Hiking Safety Tips

Don't travel alone. Like any rule, there are exceptions. Before heading out let someone know where you are headed. If you're just going for a stroll in a nearby, well-traveled area you're as safe there as anywhere. But if you travel through heavily forested areas, with steep canyons and winding trails, you can easily get lost. And, of course, there are lots of gradations in between. Use your judgment.

Know where you're going.This tip is a lot like the 1st tip. The same concern applies - you don't want to get lost. Stay on clearly marked or well-traveled trails until or unless you are experienced enough to take the uncommon route. Yes, they're sometimes not as interesting, but getting lost is interesting in a very unpleasant kind of way. Be prepared by having a map or compass with you. Even your smartphone can help guide you if you get lost.

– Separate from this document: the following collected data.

lemma Pfun_eq_if_charpoly_AtA:
  fixes A :: "real^3^3"
  assumes h: "charpoly (transpose A ** A) = [:-p,1:] * [:-q,1:] * [:-r,1:]"
  shows "Pfun lam A = sqrt p * sqrt q + sqrt p * sqrt r + sqrt q * sqrt r - lam * (sqrt p + sqrt q + sqrt r)"
proof -
  have "eigenvalues_mset (transpose A ** A) = {#p,q,r#}"
    unfolding eigenvalues_mset_def h
    by (subst proots_mult, simp, simp)+ (simp add: add_ac)
  then have ms: "mset (singvals A) = {#sqrt p, sqrt q, sqrt r#}"
    unfolding singvals_def by simp
  then have "length (singvals A) = 3"
    by (metis size_mset size_add_mset size_empty numeral_3_eq_3 One_nat_def)
  then obtain u v w where L: "singvals A = [u,v,w]"
    by (metis (no_types) length_0_conv length_Suc_conv numeral_3_eq_3)
  have m: "{#u,v,w#} = {#sqrt p, sqrt q, sqrt r#}" using ms L by simp
  have e1: "u + v + w = sqrt p + sqrt q + sqrt r"
    using arg_cong[OF m, of sum_mset] by (simp add: add_ac)
  have "u^2 + v^2 + w^2 = (sqrt p)^2 + (sqrt q)^2 + (sqrt r)^2"
    using arg_cong[OF m, of "\<lambda>M. sum_mset (image_mset (\<lambda>x. x^2) M)"] by (simp add: add_ac)
  moreover have "(u + v + w)^2 = (sqrt p + sqrt q + sqrt r)^2" using e1 by simp
  ultimately have e2: "u * v + u * w + v * w = sqrt p * sqrt q + sqrt p * sqrt r + sqrt q * sqrt r"
    by (simp add: power2_eq_square algebra_simps)
  have "{1..3::nat} = {1,2,3}" "{Suc 0<..3::nat} = {2,3}" "{2<..3::nat} = {3}" "{3<..3::nat} = {}"
    by auto
  then have "Pfun lam A = u * v + u * w + v * w - lam * (u + v + w)"
    unfolding Pfun_def sv_def by (simp add: L algebra_simps)
  then show ?thesis using e1 e2 by simp
qed
lemma rcomp_mono: "R \<le> R' \<Longrightarrow> S \<le> S' \<Longrightarrow> rcomp m R S \<le> rcomp m R' S'"
  unfolding le_fun_def rcomp_def by (auto intro!: SUP_mono' mult_mono)

lemma rcomp_assoc: "rcomp m (rcomp m R S) T = rcomp m R (rcomp m S T)"
proof (rule ext, rule ext)
  fix x t
  have "rcomp m (rcomp m R S) T x t = (SUP z. SUP y. m (m (R x y) (S y z)) (T z t))"
    by (simp add: rcomp_def mult_SUP_distrib_right)
  also have "\<dots> = (SUP y. SUP z. m (R x y) (m (S y z) (T z t)))"
    by (simp only: mult_assoc, rule SUP_commute)
  also have "\<dots> = rcomp m R (rcomp m S T) x t"
    by (simp add: rcomp_def mult_SUP_distrib_left)
  finally show "rcomp m (rcomp m R S) T x t = rcomp m R (rcomp m S T) x t" .
qed

lemma conv_rcomp: "conv (rcomp m R S) = rcomp m (conv S) (conv R)"
  by (simp add: conv_def rcomp_def mult_commute fun_eq_iff)

lemma rcomp_Sup_left: "rcomp m (Sup \<U>) S = (SUP U\<in>\<U>. rcomp m U S)"
  unfolding rcomp_def fun_eq_iff
  by (simp add: mult_SUP_distrib_right image_image SUP_commute[where B = \<U>])

lemma rcomp_Sup_right: "rcomp m R (Sup \<U>) = (SUP U\<in>\<U>. rcomp m R U)"
  unfolding rcomp_def fun_eq_iff
  by (simp add: mult_SUP_distrib_left image_image SUP_commute[where B = \<U>])

lemma rcomp_conv_Sup_left: "rcomp m (conv (Sup \<U>)) S = (SUP U\<in>\<U>. rcomp m (conv U) S)"
  by (simp add: conv_Sup rcomp_Sup_left image_image)

lemma rcomp_conv_Sup_right: "rcomp m R (conv (Sup \<U>)) = (SUP U\<in>\<U>. rcomp m R (conv U))"
  by (simp add: conv_Sup rcomp_Sup_right image_image)

lemma mono_rcomp_left: "mono (\<lambda>U. rcomp m U S)"
  and mono_rcomp_right: "mono (\<lambda>U. rcomp m R U)"
  and mono_rcomp_conv_left: "mono (\<lambda>U. rcomp m (conv U) S)"
  and mono_rcomp_conv_right: "mono (\<lambda>U. rcomp m R (conv U))"
  by (auto intro!: monoI rcomp_mono)

lemma WL21_Sup_closed: "\<forall>U\<in>\<U>. WL21 m I V W Z U \<Longrightarrow> WL21 m I V W Z (Sup \<U>)"
  unfolding WL21_def
  by (auto intro!: Sup_least le_Sup_closed[OF rcomp_conv_Sup_left mono_rcomp_conv_right])

lemma WL22_Sup_closed: "\<forall>U\<in>\<U>. WL22 m I V W Z U \<Longrightarrow> WL22 m I V W Z (Sup \<U>)"
  unfolding WL22_def
  by (auto intro!: Sup_least le_Sup_closed[OF rcomp_Sup_right mono_rcomp_left])

lemma WL23_Sup_closed: "\<forall>U\<in>\<U>. WL23 m I V W Z U \<Longrightarrow> WL23 m I V W Z (Sup \<U>)"
  unfolding WL23_def
  by (auto intro!: Sup_least le_Sup_closed[OF rcomp_conv_Sup_left mono_rcomp_conv_right]
      le_Sup_closed[OF rcomp_Sup_left mono_rcomp_right])

lemma WL24_Sup_closed: "\<forall>U\<in>\<U>. WL24 m I V W Z U \<Longrightarrow> WL24 m I V W Z (Sup \<U>)"
  unfolding WL24_def
  by (auto intro!: Sup_least le_Sup_closed[OF rcomp_Sup_right mono_rcomp_left]
      le_Sup_closed[OF rcomp_conv_Sup_right mono_rcomp_conv_left])

lemma WL25_Sup_closed: "\<forall>U\<in>\<U>. WL25 m I V W Z U \<Longrightarrow> WL25 m I V W Z (Sup \<U>)"
  unfolding WL25_def
  by (auto intro!: Sup_least eq_Sup_closed[OF rcomp_Sup_right rcomp_Sup_left])

lemma WL26_Sup_closed: "\<forall>U\<in>\<U>. WL26 m I V W Z U \<Longrightarrow> WL26 m I V W Z (Sup \<U>)"
  unfolding WL26_def
  by (auto intro!: Sup_least eq_Sup_closed[OF rcomp_conv_Sup_left rcomp_conv_Sup_right])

Take some basic gear.You can go overboard on gear. But for anything more than a simple, two-hour hike over easy terrain, a large chunk of peace of mind can be bought very cheaply.Take a lighter or matches. Matches can get wet, but a lighter can run out of fuel. No plan is perfect. A knife, especially one with lots of genuinely useful (as opposed to merely impressive) gadgets can be a literal lifesaver.

Take basic provisions. Water or other fluids like sports drinks are an obvious essential. You can lose a lot of fluid even over a two-hour period on a hot day. Heat stroke can kill, but is easily preventable. Even dehydration can radically reduce physical performance. Just remember water weighs about 8 lbs per gallon. Take what you need, not much more.

Exercise common sense. Among other things that means don't get carried away with your enthusiasm - and a belief in your invincibility - and tempt fate.Despite what you may have read in and about some places, Mother Nature is quite indifferent to hurting you when you do dumb things.

Dress Appropriately. Wearing light colored clothing will help keep you cool in hot weather, but it will also help you spot insects that might have attached to your clothing.

Lyme Disease. When going for a hike, be careful of ticks. Ticks are generally found in shady, moist areas at ground level. They cling to tall grass, brush and shrubs, usually no more than 18 – 24 inches off the ground. If brushed up against, they can attach to people or animals. For more information on Lyme Disease click here.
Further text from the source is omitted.